Diskussion in der Stadtverordnetenversammlung
Vetschau kommt bei Winterdienst unter Zeitdruck

Vetschau. Abgeordnete wollen vorgelegte Satzung nochmals verändert haben. Nächste Abstimmung Ende Juni geplant. Von Daniel Preikschat

Der Winterdienst wird in Vetschau allmählich zu einem Dauerbrenner-Thema. Eine bereits viel diskutierte und mehrfach veränderte Satzungsvorlage wollte eine Mehrheit der Stadtverordneten vergangene Woche nicht beschließen.
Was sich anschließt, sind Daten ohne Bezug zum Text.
lemma loc_le_iff_colon: "loc_le M u v \<longleftrightarrow> \<not> colon m v u \<le> M"
  unfolding loc_le_def by (meson colon_mult_le le_colon_iff order_trans)

end

locale localization = multiplicative_lattice +
  fixes M :: 'a
  assumes maximal: "maximal_el M"
begin

abbreviation loc_le_at :: "'a \<Rightarrow> 'a \<Rightarrow> bool" (infix "\<preceq>" 50) where
  "u \<preceq> v \<equiv> loc_le M u v"

lemma loc_leI: "\<not> s \<le> M \<Longrightarrow> s \<cdot> u \<le> v \<Longrightarrow> u \<preceq> v"
  unfolding loc_le_def by blast

lemma loc_leE:
  assumes "u \<preceq> v"
  obtains s where "\<not> s \<le> M" and "s \<cdot> u \<le> v"
  using assms unfolding loc_le_def by blast

lemma le_imp_loc_le: "u \<le> v \<Longrightarrow> u \<preceq> v"
proof (rule loc_leI)
  show "\<not> top \<le> M"
    using maximal top_unique unfolding maximal_el_def by blast
qed simp

lemma loc_le_refl: "u \<preceq> u"
  by (simp add: le_imp_loc_le)

lemma mult_not_le_maximal: "\<not> s \<le> M \<Longrightarrow> \<not> t \<le> M \<Longrightarrow> \<not> s \<cdot> t \<le> M"
  using maximal_el_prime[OF maximal] by blast

lemma loc_le_trans [trans]: "u \<preceq> v \<Longrightarrow> v \<preceq> w \<Longrightarrow> u \<preceq> w"
proof (elim loc_leE)
  fix s t
  assume "\<not> s \<le> M" "s \<cdot> u \<le> v" "\<not> t \<le> M" "t \<cdot> v \<le> w"
  then show "u \<preceq> w"
    by (metis loc_leI mult_not_le_maximal mult_assoc mult_mono_right order_trans)
qed

lemma le_loc_le_trans [trans]: "u \<le> v \<Longrightarrow> v \<preceq> w \<Longrightarrow> u \<preceq> w"
  using le_imp_loc_le loc_le_trans by blast

lemma loc_le_le_trans [trans]: "u \<preceq> v \<Longrightarrow> v \<le> w \<Longrightarrow> u \<preceq> w"
  using le_imp_loc_le loc_le_trans by blast

lemma loc_le_supI: "u \<preceq> w \<Longrightarrow> v \<preceq> w \<Longrightarrow> sup u v \<preceq> w"
proof (elim loc_leE)
  fix s t
  assume "\<not> s \<le> M" "s \<cdot> u \<le> w" "\<not> t \<le> M" "t \<cdot> v \<le> w"
  then have "s \<cdot> t \<cdot> u \<le> w" "s \<cdot> t \<cdot> v \<le> w"
    by (metis mult_assoc mult_commute mult_le_right order_trans)+
  then show "sup u v \<preceq> w"
    by (metis \<open>\<not> s \<le> M\<close> \<open>\<not> t \<le> M\<close> loc_leI mult_not_le_maximal mult_sup_right sup_least)
qed

lemma loc_le_infI: "u \<preceq> v \<Longrightarrow> u \<preceq> w \<Longrightarrow> u \<preceq> inf v w"
proof (elim loc_leE)
  fix s t
  assume "\<not> s \<le> M" "s \<cdot> u \<le> v" "\<not> t \<le> M" "t \<cdot> u \<le> w"
  then have "s \<cdot> t \<cdot> u \<le> v" "s \<cdot> t \<cdot> u \<le> w"
    by (metis mult_assoc mult_left_commute mult_le_right order_trans)+
  then show "u \<preceq> inf v w"
    using \<open>\<not> s \<le> M\<close> \<open>\<not> t \<le> M\<close> by (intro loc_leI[of "s \<cdot> t"]) (simp_all add: mult_not_le_maximal)
qed

lemma loc_le_sup_mono: "u \<preceq> u' \<Longrightarrow> v \<preceq> v' \<Longrightarrow> sup u v \<preceq> sup u' v'"
  by (meson loc_le_le_trans loc_le_supI sup.cobounded1 sup.cobounded2)

lemma loc_le_inf_mono: "u \<preceq> u' \<Longrightarrow> v \<preceq> v' \<Longrightarrow> inf u v \<preceq> inf u' v'"
  by (meson le_loc_le_trans loc_le_infI inf.cobounded1 inf.cobounded2)

lemma loc_le_mult: "u \<preceq> v \<Longrightarrow> a \<cdot> u \<preceq> a \<cdot> v"
  by (elim loc_leE) (metis loc_leI mult_left_commute mult_mono_right)

lemma loc_le_mult_right: "u \<preceq> v \<Longrightarrow> u \<cdot> a \<preceq> v \<cdot> a"
  by (metis loc_le_mult mult_commute)

lemma loc_le_colon: "u \<preceq> v \<Longrightarrow> x \<preceq> p \<Longrightarrow> colon m u p \<preceq> colon m v x"
proof (elim loc_leE)
  fix s t
  assume "\<not> s \<le> M" "s \<cdot> u \<le> v" "\<not> t \<le> M" "t \<cdot> x \<le> p"
  have "s \<cdot> t \<cdot> colon m u p \<cdot> x = s \<cdot> (colon m u p \<cdot> (t \<cdot> x))"
    by (metis mult_assoc mult_commute)
  also have "\<dots> \<le> s \<cdot> (colon m u p \<cdot> p)"
    using \<open>t \<cdot> x \<le> p\<close> by (simp add: mult_mono_right)
  also have "\<dots> \<le> v"
    using \<open>s \<cdot> u \<le> v\<close> colon_mult_le by (meson mult_mono_right order_trans)
  finally show ?thesis
    by (meson \<open>\<not> s \<le> M\<close> \<open>\<not> t \<le> M\<close> le_colon_iff loc_leI mult_not_le_maximal mult_assoc)
qed

lemma loc_meet_principal:
  assumes "principal m p" and "p \<le> x" and "x \<preceq> p"
  shows "inf y (z \<cdot> x) \<preceq> inf (colon m y x) z \<cdot> x"
proof -
  have "inf y (z \<cdot> x) \<preceq> inf y (z \<cdot> p)"
    using assms(3) by (intro loc_le_inf_mono loc_le_refl loc_le_mult)
  also have "\<dots> = inf (colon m y p) z \<cdot> p"
    using assms(1) unfolding principal_def meet_principal_def by blast
  also have "\<dots> \<le> inf (colon m y p) z \<cdot> x"
    using assms(2) by (rule mult_mono_right)
  also have "\<dots> \<preceq> inf (colon m y x) z \<cdot> x"
    using assms(3) by (intro loc_le_mult_right loc_le_inf_mono loc_le_colon loc_le_refl)
  finally show ?thesis .
qed

lemma loc_join_principal:
  assumes "principal m p" and "p \<le> x" and "x \<preceq> p"
  shows "colon m (sup (y \<cdot> x) z) x \<preceq> sup y (colon m z x)"
proof -
  have "colon m (sup (y \<cdot> x) z) x \<le> colon m (sup (y \<cdot> x) z) p"
    using assms(2) by (intro colon_mono order_refl)
  also have "\<dots> \<preceq> colon m (sup (y \<cdot> p) z) p"
    using assms(3) by (intro loc_le_colon loc_le_sup_mono loc_le_mult loc_le_refl)
  also have "\<dots> = sup y (colon m z p)"
    using assms(1) by (rule principal_colon_sup_eq)
  also have "\<dots> \<preceq> sup y (colon m z x)"
    using assms(3) by (intro loc_le_sup_mono loc_le_colon loc_le_refl)
  finally show ?thesis .
qed

lemma principal_loc_nakayama:
  assumes "principal m r" and "r \<preceq> sup (M \<cdot> r) w"
  shows "r \<preceq> w"
proof -
  obtain s where "\<not> s \<le> M" and "s \<le> colon m (sup (M \<cdot> r) w) r"
    using assms(2) by (auto elim: loc_leE simp: le_colon_iff)
  then have "\<not> sup M (colon m w r) \<le> M"
    using principal_colon_sup_eq[OF assms(1)] by (metis order_trans)
  then show ?thesis
    by (simp add: loc_le_iff_colon)
qed

end

locale weak_noetherian_lattice = multiplicative_lattice +
  assumes weak_noetherian: "weak_noetherian m"
begin

lemma compact: "compact_el (x :: 'a)"
  using weak_noetherian unfolding weak_noetherian_def by blast

lemma finite_principal_decomposition:
  obtains F where "finite F" and "\<forall>p\<in>F. principal m p" and "x = Sup F"
proof -
  obtain S where S: "\<forall>p\<in>S. principal m p" "x = Sup S"
    using weak_noetherian unfolding weak_noetherian_def by blast
  moreover obtain T where T: "T \<subseteq> S" "finite T" "x \<le> Sup T"
    using compact[of x, unfolded compact_el_def] S(2) by blast
  moreover have "Sup T \<le> x"
    using T(1) S(2) by (simp add: Sup_subset_mono)
  ultimately show ?thesis
    using that[of T] by (meson antisym subsetD)
qed

lemma ascending_chain_stabilizes:
  assumes "mono (f :: nat \<Rightarrow> 'a)"
  shows "\<exists>N. f (Suc N) \<le> f N"
proof -
  obtain N where "Sup (range f) = f N"
    using compact_Sup_chain_attained[OF compact assms] by blast
  moreover have "f (Suc N) \<le> Sup (range f)"
    by (rule Sup_upper) simp
  ultimately show ?thesis
    by auto
qed

lemma wf_greater: "wf {(y, x :: 'a). x < y}"
proof -
  have "\<not> (\<forall>i. f i < f (Suc i))" for f :: "nat \<Rightarrow> 'a"
  proof
    assume f: "\<forall>i. f i < f (Suc i)"
    then have "mono f"
      by (metis less_imp_le lift_Suc_mono_le monoI)
    then obtain N where "f (Suc N) \<le> f N"
      using ascending_chain_stabilizes by blast
    with f show False
      by (meson leD)
  qed
  then show ?thesis
    unfolding wf_iff_no_infinite_down_chain by simp
qed

lemma exists_maximal_el_above:
  assumes "c \<noteq> (top :: 'a)"
  shows "\<exists>M. maximal_el M \<and> c \<le> M"
proof -
  obtain M where M: "c \<le> M" "M \<noteq> top" and max: "\<And>y. M < y \<Longrightarrow> \<not> (c \<le> y \<and> y \<noteq> top)"
    using wfE_min[OF wf_greater, of c "{y. c \<le> y \<and> y \<noteq> top}"] assms by auto
  have "y = M \<or> y = top" if "M \<le> y" for y
    using max[of y] M(1) that by (auto simp: order.strict_iff_order intro: order_trans)
  with M show ?thesis
    unfolding maximal_el_def by blast
qed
Statt dessen wurde einem Antrag von Christoph Schneider (CDU) mit knapper Mehrheit zugestimmt: Sämtliche Straßen, die in der Vergangenheit in Vetschau geräumt worden sind, sollen auch weiterhin geräumt werden. Die entsprechend veränderte neue Satzung soll in der nächsten Stadtverordnetensitzung beschlossen werden.

Hinweise von Bürgermeister Bengt Kanzler (parteilos) und Bauamtsleiter Sven Blümel konnten das Abstimmungsverhalten offenbar nicht wesentlich beeinflussen. Beide erklärten, dass schlichtweg nicht alle Straßen beräumt werden könnten. Allmählich werde die Zeit knapp für die Winterdienstplanung. Schließlich müssten zuvor Aufträge vergeben und Verträge geschlossen werden.

Nicht nachvollziehen konnte beispielsweise Blümel die Befürchtung, Feuerwehr und Arzt könnten im Notfall auf nicht geräumten Straßen nicht rechtzeitig eintreffen. Diese Sorge, sagte der Bauamtsleiter, sei unbegründet. Zudem verfüge die Feuerwehr über geländegängige Fahrzeuge. Aus Sicht Kanzlers spielt persönliche Betroffenheit in der Diskussion eine zu große Rolle.

Die vorgelegte Satzung so abgenickt hätten unter anderem die Abgeordneten der Linken oder auch Andreas Malik (CDU). Es sei lange genug beraten worden, Kleinigkeiten ließen sich im Nachhinein immer noch ändern. Wobei sich Malik auf Hinweise von Winfried Böhmer (Bündnis 90/Die Grünen) bezog.

Böhmer sieht die Meinung der Ortsbeiräte immer noch nicht ausreichend berücksichtigt. Aus vielen Ortsteilen würde es nach wie vor kein Votum für oder gegen die Satzung geben. Dies solle bis zur nächsten Sitzung nachgeholt, dann erst über die Satzung abgestimmt werden. Ein entsprechender Antrag Böhmers indes bekam keine Mehrheit. Zuvor hatte Malik auf die nur sehr schwache Beteiligung der Ortsbeiräte bei einer Infoveranstaltung zum Thema hingewiesen.